Create A histogram using C++ with map/unordered_map: the default value for a non-existant key

Question

I am defining a small function to create a histogram of a vector of integers, Initially I defined the following function that first test whether the key exists in the map before assigning or increment the value.

map<int, int> histogram(vector<int> &a){
     map<int, int> hist;
     for (auto &x : a){
         hist[x] = hist.count(x) == 0 ? 1 : hist[x] + 1; // check key existence 
     }
     return hist;
}

Later, I found the following code also works without checking the existence of the key. Therefore the default value for a non-existent key is supposed to be ZERO. I am wondering is this behavior guaranteed to have a default zero value when referencing a key that does not exist?

map<int, int> histogram(vector<int> &a){
     map<int, int> hist;
     for (auto &x : a){
         hist[x]++;        // without key existence checking. 
     }
     return hist;
}

Answer 1

Yes, the value inserted by [] is guaranteed to be zero.

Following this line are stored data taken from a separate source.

lemma abs_mult_le_split_weight:
  fixes A F t c m w p \<beta> :: real
  assumes t: "t > 0" and m: "0 < m" "m \<le> w" and A: "\<bar>A\<bar> \<le> c * w powr (-p)" and s: "p + \<beta> \<ge> 0"
  shows "\<bar>A * F\<bar> \<le> (t * (F\<^sup>2 * w powr (2 * \<beta>)) + c\<^sup>2 * m powr (-(2 * p + 2 * \<beta>)) / t) / 2"
proof -
  have w: "w > 0" using m by simp
  have "0 \<le> c * w powr (-p)" using A abs_ge_zero order_trans by blast
  then have c: "c \<ge> 0" using w by (simp add: zero_le_mult_iff)
  have "\<bar>A * F\<bar> = \<bar>(F * w powr \<beta>) * (A * w powr (-\<beta>))\<bar>"
    using w by (simp add: powr_minus field_simps)
  also have "\<dots> \<le> (t * (F * w powr \<beta>)\<^sup>2 + (A * w powr (-\<beta>))\<^sup>2 / t) / 2"
    by (rule abs_mult_le_amgm[OF t])
  also have "(F * w powr \<beta>)\<^sup>2 = F\<^sup>2 * w powr (2 * \<beta>)"
    using w by (simp add: power_mult_distrib powr_realpow[symmetric] powr_powr mult.commute)
  also have "(A * w powr (-\<beta>))\<^sup>2 \<le> c\<^sup>2 * m powr (-(2 * p + 2 * \<beta>))"
  proof -
    have "\<bar>A * w powr (-\<beta>)\<bar> \<le> c * w powr (-p) * w powr (-\<beta>)"
      using A by (simp add: abs_mult mult_right_mono)
    also have "\<dots> = c * w powr (-(p + \<beta>))" by (simp add: powr_add[symmetric] mult.assoc)
    also have "\<dots> \<le> c * m powr (-(p + \<beta>))"
      using m s c by (intro mult_left_mono powr_mono2') auto
    finally have "(A * w powr (-\<beta>))\<^sup>2 \<le> (c * m powr (-(p + \<beta>)))\<^sup>2"
      by (metis abs_le_square_iff abs_of_nonneg order_trans abs_ge_zero)
    also have "\<dots> = c\<^sup>2 * m powr (-(2 * p + 2 * \<beta>))"
      using m by (simp add: power_mult_distrib powr_realpow[symmetric] powr_powr mult.commute)
    finally show ?thesis .
  qed
  finally show ?thesis using t by (simp add: divide_right_mono)
qed

lemma sums_aliased_coefficients:
  fixes a f0 :: "nat \<Rightarrow> real" and \<psi> :: "nat \<Rightarrow> real \<Rightarrow> real" and J :: "nat \<Rightarrow> nat"
  assumes n: "n \<ge> 1" and k: "k \<in> {1..<n}"
    and orth: "\<And>j. j \<in> {1..<n} \<Longrightarrow> dip n (\<psi> j) (\<psi> k) = (if j = k then 1 else 0)"
    and J: "\<And>l. l \<ge> 1 \<Longrightarrow> J l \<in> {l * n..<(l + 1) * n}"
    and sparse: "\<And>l j. l \<ge> 1 \<Longrightarrow> j \<in> {l * n..<(l + 1) * n} \<Longrightarrow> j \<noteq> J l \<Longrightarrow> dip n (\<psi> j) (\<psi> k) = 0"
    and A_series: "\<And>x. x \<in> {0..1} \<Longrightarrow> summable (\<lambda>j. a (Suc j) * f0 (Suc j) * \<psi> (Suc j) x)"
  shows "(\<lambda>l. a (J (Suc l)) * f0 (J (Suc l)) * dip n (\<psi> (J (Suc l))) (\<psi> k))
    sums (Udata a \<psi> n f0 (\<lambda>_. 0) k - a k * f0 k)"
proof -
  define g where "g j = a j * f0 j * dip n (\<psi> j) (\<psi> k)" for j
  have "(\<lambda>j. g (Suc j)) sums Udata a \<psi> n f0 (\<lambda>_. 0) k"
    unfolding g_def by (rule sums_Udata_noiseless[OF A_series])
  then have "(\<lambda>l. g (J (Suc l))) sums (Udata a \<psi> n f0 (\<lambda>_. 0) k - (\<Sum>j\<in>{1..<n}. g j))"
    by (rule sums_block_sparse[OF _ n J]) (auto simp: g_def sparse)
  moreover have "(\<Sum>j\<in>{1..<n}. g j) = a k * f0 k"
    using k orth by (simp add: g_def if_distrib[of "\<lambda>x. _ * x"] cong: if_cong)
  ultimately show ?thesis by (simp add: g_def)
qed

lemma block_index_bounds:
  fixes J :: "nat \<Rightarrow> nat"
  assumes n: "n \<ge> 1" and J: "\<And>l. l \<ge> 1 \<Longrightarrow> J l \<in> {l * n..<(l + 1) * n}"
  shows "strict_mono (\<lambda>l. J (Suc l))" and "J (Suc l) \<ge> 1" and "real (Suc l) * real n \<le> real (J (Suc l))"
proof -
  show "strict_mono (\<lambda>l. J (Suc l))"
  proof (rule strict_monoI)
    fix l l' :: nat assume "l < l'"
    then have "(Suc l + 1) * n \<le> Suc l' * n" by (intro mult_right_mono) auto
    then show "J (Suc l) < J (Suc l')" using J[of "Suc l"] J[of "Suc l'"] by auto
  qed
  have block: "Suc l * n \<le> J (Suc l)" using J[of "Suc l"] by simp
  then show "J (Suc l) \<ge> 1" using n by (metis le_add1 mult_Suc order_trans)
  show "real (Suc l) * real n \<le> real (J (Suc l))" using block by (metis of_nat_le_iff of_nat_mult)
qed
(* Let $B$ be a finite brace such that every Sylow subgroup of the additive group $(B,+)$ and every Sylow subgroup of the multiplicative group $(B,\cdot)$ is cyclic. Then $B$ is supersoluble.
   Context: A brace (skew left brace) is a set $B$ with two binary operations $+$ and $\cdot$ (the product written by juxtaposition) such that $(B,+)$ and $(B,\cdot)$ are groups and $a(b+c)=ab-a+ac$ for all $a,b,c\in B$; the two groups have the same identity $0$. For $a,b\in B$ put $\lambda_a(b)=-a+ab$; then $\lambda\colon (B,\cdot)\to\operatorname{Aut}(B,+)$, $a\mapsto\lambda_a$, is a group homomorphism. A subbrace is a subset that is a subgroup of both $(B,+)$ and $(B,\cdot)$. An ideal of $B$ is a subbrace $I$ that is normal in $(B,+)$ and in $(B,\cdot)$ and satisfies $\lambda_b(I)\subseteq I$ for all $b\in B$; then $B/I$ is naturally a brace. $\operatorname{Soc}(B)=\operatorname{Ker}\lambda\cap Z(B,+)$, an ideal. A brace $B$ is supersoluble if there is a finite chain of ideals $\{0\}=I_0\le I_1\le\dots\le I_n=B$ of $B$ such that for each $0\le i<n$, either $(I_{i+1}/I_i,+)$ is infinite cyclic and $I_{i+1}/I_i\le\operatorname{Soc}(B/I_i)$, or $I_{i+1}/I_i$ has prime order. *)

theory Defs
  imports "HOL-Algebra.Algebra" "HOL-Computational_Algebra.Primes"
begin

text \<open>A (skew left) brace is given by two group structures A (the additive group,
  whose operation is written with the HOL-Algebra multiplication symbol) and M
  (the multiplicative group) on the same carrier, with the same identity, and
  satisfying a(b+c) = ab - a + ac.\<close>

definition brace :: "'a monoid \<Rightarrow> 'a monoid \<Rightarrow> bool" where
  "brace A M \<longleftrightarrow> group A \<and> group M \<and> carrier A = carrier M \<and> \<one>\<^bsub>A\<^esub> = \<one>\<^bsub>M\<^esub> \<and>
     (\<forall>a\<in>carrier A. \<forall>b\<in>carrier A. \<forall>c\<in>carrier A.
        a \<otimes>\<^bsub>M\<^esub> (b \<otimes>\<^bsub>A\<^esub> c) = (a \<otimes>\<^bsub>M\<^esub> b) \<otimes>\<^bsub>A\<^esub> inv\<^bsub>A\<^esub> a \<otimes>\<^bsub>A\<^esub> (a \<otimes>\<^bsub>M\<^esub> c))"

definition brace_lambda :: "'a monoid \<Rightarrow> 'a monoid \<Rightarrow> 'a \<Rightarrow> 'a \<Rightarrow> 'a" where
  "brace_lambda A M a b = inv\<^bsub>A\<^esub> a \<otimes>\<^bsub>A\<^esub> (a \<otimes>\<^bsub>M\<^esub> b)"

definition brace_ideal :: "'a monoid \<Rightarrow> 'a monoid \<Rightarrow> 'a set \<Rightarrow> bool" where
  "brace_ideal A M I \<longleftrightarrow> subgroup I A \<and> subgroup I M \<and> normal I A \<and> normal I M \<and>
     (\<forall>b\<in>carrier A. brace_lambda A M b ` I \<subseteq> I)"

definition brace_socle :: "'a monoid \<Rightarrow> 'a monoid \<Rightarrow> 'a set" where
  "brace_socle A M = {a \<in> carrier A. (\<forall>b\<in>carrier A. brace_lambda A M a b = b) \<and>
                                    (\<forall>b\<in>carrier A. a \<otimes>\<^bsub>A\<^esub> b = b \<otimes>\<^bsub>A\<^esub> a)}"

text \<open>The quotient brace B/I is (A Mod I, M Mod I); for an ideal I the cosets of I
  in both groups coincide.\<close>
definition factor_cosets :: "'a monoid \<Rightarrow> 'a set \<Rightarrow> 'a set \<Rightarrow> 'a set set" where
  "factor_cosets A I J = (\<lambda>x. I #>\<^bsub>A\<^esub> x) ` J"

definition brace_supersoluble :: "'a monoid \<Rightarrow> 'a monoid \<Rightarrow> bool" where
  "brace_supersoluble A M \<longleftrightarrow>
     (\<exists>(I :: nat \<Rightarrow> 'a set) n.
        I 0 = {\<one>\<^bsub>A\<^esub>} \<and> I n = carrier A \<and>
        (\<forall>i\<le>n. brace_ideal A M (I i)) \<and>
        (\<forall>i<n. I i \<subseteq> I (Suc i)) \<and>
        (\<forall>i<n. let Q = factor_cosets A (I i) (I (Suc i)) in
           (infinite Q \<and> cyclic_group (subgroup_generated (A Mod (I i)) Q) \<and>
              Q \<subseteq> brace_socle (A Mod (I i)) (M Mod (I i)))
           \<or> Factorial_Ring.prime (card Q)))"

definition sylow_subgroup :: "('a, 'b) monoid_scheme \<Rightarrow> nat \<Rightarrow> 'a set \<Rightarrow> bool" where
  "sylow_subgroup G p P \<longleftrightarrow> Factorial_Ring.prime p \<and> subgroup P G \<and>
     card P = p ^ multiplicity p (order G)"

end

theory Submission
  imports Defs "HOL-Number_Theory.Number_Theory" "HOL-Combinatorics.Orbits"
begin

text \<open>
  A finite group all of whose Sylow subgroups are cyclic (a Z-group) has a Sylow tower. If \<open>p\<close> is
  the smallest prime dividing \<open>|G| = p\<^sup>a m\<close>, the cyclic Sylow \<open>p\<close>-subgroup \<open>P\<close> controls its own
  fusion, so the transfer \<open>G \<rightarrow> P\<close> restricts to \<open>x \<mapsto> x\<^sup>m\<close> on \<open>P\<close>; it is therefore onto, and its
  kernel is a normal \<open>p\<close>-complement, again a Z-group. By induction on \<open>|G|\<close>, for every divisor \<open>d\<close>
  of \<open>|G|\<close> that contains the full \<open>r\<close>-part of \<open>|G|\<close> for all primes \<open>r\<close> above the least prime
  factor of \<open>d\<close>, the solutions of \<open>x\<^sup>d = 1\<close> form a subgroup of order \<open>d\<close>.

  In a brace whose two groups are Z-groups, the set \<open>{x. d x = 0}\<close> is mapped into itself by the
  automorphisms \<open>\<lambda>\<^sub>a\<close>, hence is closed under the multiplication; having \<open>d\<close> elements it equals
  \<open>{x. x\<^sup>d = 1}\<close> in the multiplicative group, so it is characteristic in both groups and an ideal.
  Dividing \<open>d = |B|\<close> repeatedly by its least prime factor gives a chain of such ideals whose factors
  have prime order.
\<close>

section \<open>Number theory\<close>

lemma coprime_totient_prime_power:
  fixes p b k :: nat
  assumes p: "Factorial_Ring.prime p"
    and large: "\<And>r. Factorial_Ring.prime r \<Longrightarrow> r dvd k \<Longrightarrow> p < r"
  shows "coprime k (totient (p ^ b))"
proof (rule coprimeI)
  fix r assume rk: "r dvd k" and rt: "r dvd totient (p ^ b)"
  show "is_unit r"
  proof (rule ccontr)
    assume "\<not> is_unit r"
    then obtain q where q: "Factorial_Ring.prime q" "q dvd r"
      using prime_factor_nat by auto
    have "p < q" using large q rk dvd_trans by blast
    have "b > 0" using rt q by (cases b) (auto simp: dvd_trans)
    then have "q dvd p ^ (b - 1) * (p - 1)"
      using q rt p by (metis dvd_trans totient_prime_power)
    then consider "q dvd p" | "q dvd p - 1"
      using q(1) prime_dvd_mult_iff prime_dvd_power by blast
    then show False
    proof cases
      case 1
      then show False using \<open>p < q\<close> p prime_gt_0_nat by (auto dest: dvd_imp_le)
    next
      case 2
      moreover have "p - 1 > 0" using p prime_gt_1_nat by auto
      ultimately show False using \<open>p < q\<close> by (auto dest: dvd_imp_le)
    qed
  qed
qed

lemma cong_1_if_pow_cong_1:
  fixes p b k e :: nat
  assumes p: "Factorial_Ring.prime p"
    and large: "\<And>r. Factorial_Ring.prime r \<Longrightarrow> r dvd k \<Longrightarrow> p < r"
    and cop: "coprime e p" and ek: "[e ^ k = 1] (mod p ^ b)"
  shows "[e = 1] (mod p ^ b)"
proof -
  have "coprime (p ^ b) e" using cop by (simp add: coprime_commute)
  then have "ord (p ^ b) e dvd totient (p ^ b)" by (rule order_divides_totient)
  moreover have "ord (p ^ b) e dvd k" using ek ord_divides by blast
  moreover have "coprime k (totient (p ^ b))" using coprime_totient_prime_power[OF p large] .
  ultimately have "ord (p ^ b) e dvd 1"
    using coprime_common_divisor by (metis coprime_commute)
  then show ?thesis using ord_divides[of e 1] by simp
qed

lemma smallest_prime_factor:
  fixes n :: nat
  assumes "n \<noteq> 1"
  obtains p where "Factorial_Ring.prime p" "p dvd n"
    "\<And>q. Factorial_Ring.prime q \<Longrightarrow> q dvd n \<Longrightarrow> p \<le> q"
proof -
  define p where "p = (LEAST q. Factorial_Ring.prime q \<and> q dvd n)"
  have "\<exists>q. Factorial_Ring.prime q \<and> q dvd n" using prime_factor_nat assms by blast
  then have "Factorial_Ring.prime p \<and> p dvd n" unfolding p_def by (rule LeastI_ex)
  moreover have "p \<le> q" if "Factorial_Ring.prime q" "q dvd n" for q
    using that by (simp add: p_def Least_le)
  ultimately show ?thesis using that by blast
qed

text \<open>The orders of the terms of a Sylow tower of a group of order \<open>n\<close>.\<close>

definition tower_divisor :: "nat \<Rightarrow> nat \<Rightarrow> bool" where
  "tower_divisor n d \<longleftrightarrow> d dvd n \<and>
     (\<forall>q r. Factorial_Ring.prime q \<longrightarrow> Factorial_Ring.prime r \<longrightarrow> q dvd d \<longrightarrow> r dvd n \<longrightarrow> q < r \<longrightarrow>
        multiplicity r d = multiplicity r n)"

lemma tower_divisor_refl: "tower_divisor n n"
  by (simp add: tower_divisor_def)

lemma tower_divisor_cofactor:
  fixes n m p a d :: nat
  assumes t: "tower_divisor n d" and n: "n = p ^ a * m" and p: "Factorial_Ring.prime p"
    and pm: "\<not> p dvd m" and pd: "\<not> p dvd d" and m0: "m > 0"
  shows "tower_divisor m d"
proof -
  have cop: "coprime d (p ^ a)" using pd p
    by (metis coprime_commute coprime_power_right_iff prime_imp_coprime)
  have "d dvd p ^ a * m" using t n by (simp add: tower_divisor_def)
  then have dm: "d dvd m" using coprime_dvd_mult_right_iff[OF cop] by blast
  have "multiplicity r d = multiplicity r m"
    if q: "Factorial_Ring.prime q" and r: "Factorial_Ring.prime r" and qd: "q dvd d"
      and rm: "r dvd m" and qr: "q < r" for q r
  proof -
    have "multiplicity r d = multiplicity r n" using t q r qd qr rm n by (simp add: tower_divisor_def)
    moreover have "r \<noteq> p" using rm pm by blast
    then have "multiplicity r n = multiplicity r m"
      using n p r m0 prime_gt_0_nat
      by (simp add: prime_elem_multiplicity_mult_distrib multiplicity_distinct_prime_power)
    ultimately show ?thesis by simp
  qed
  then show ?thesis using dm by (simp add: tower_divisor_def)
qed

lemma tower_divisor_smallest_prime:
  fixes n m p a d :: nat
  assumes t: "tower_divisor n d" and n: "n = p ^ a * m" and p: "Factorial_Ring.prime p"
    and pm: "\<not> p dvd m" and pd: "p dvd d" and m0: "m > 0"
    and pmin: "\<And>q. Factorial_Ring.prime q \<Longrightarrow> q dvd n \<Longrightarrow> p \<le> q"
  shows "d = m * p ^ multiplicity p d" and "multiplicity p d \<le> a"
proof -
  have dn: "d dvd n" using t by (simp add: tower_divisor_def)
  have n0: "n \<noteq> 0" using n m0 p prime_gt_0_nat by simp
  then have d0: "d \<noteq> 0" using dn by auto
  have "multiplicity p d \<le> multiplicity p n" using dn d0 n0 by (simp add: dvd_imp_multiplicity_le)
  also have "multiplicity p n = a" using n m0 pm p
    by (simp add: prime_elem_multiplicity_mult_distrib multiplicity_prime_power not_dvd_imp_multiplicity_0)
  finally show "multiplicity p d \<le> a" .
  have "multiplicity r d = multiplicity r (m * p ^ multiplicity p d)"
    if r: "Factorial_Ring.prime r" for r
  proof (cases "r = p")
    case True
    then show ?thesis using p m0 pm
      by (simp add: prime_elem_multiplicity_mult_distrib multiplicity_prime_power not_dvd_imp_multiplicity_0)
  next
    case False
    have rhs: "multiplicity r (m * p ^ multiplicity p d) = multiplicity r m"
      using False p r m0 prime_gt_0_nat
      by (simp add: prime_elem_multiplicity_mult_distrib multiplicity_distinct_prime_power)
    have mrn: "multiplicity r n = multiplicity r m"
      using False p r m0 n prime_gt_0_nat
      by (simp add: prime_elem_multiplicity_mult_distrib multiplicity_distinct_prime_power)
    show ?thesis
    proof (cases "r dvd n")
      case True
      have "p < r" using pmin[OF r True] False by simp
      then have "multiplicity r d = multiplicity r n" using t p r pd True by (simp add: tower_divisor_def)
      then show ?thesis using rhs mrn by simp
    next
      case False
      then have "\<not> r dvd d" "\<not> r dvd m" using dn n by (auto intro: dvd_trans)
      then show ?thesis using rhs by (simp add: not_dvd_imp_multiplicity_0)
    qed
  qed
  moreover have "m * p ^ multiplicity p d \<noteq> 0" using m0 p by simp
  ultimately have "normalize d = normalize (m * p ^ multiplicity p d)"
    using multiplicity_eq_imp_eq[OF d0] by blast
  then show "d = m * p ^ multiplicity p d" by simp
qed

From C++11 23.4.4.3/1:

Effects: If there is no key equivalent to x in the map, inserts value_type(x, T()) into the map.

T() specifies value-initialisation which, for numeric types, means it's initialised with the value zero.

Answer 2

It is guaranteed to be zero-initialized for built-in types, and default constructed for user-defined types. The guarantee is that if an element for a given key does not exist, one is inserted, with the mapped_type being value initialized. For built-in types such as int, this means zero initialization.

More information in this reference.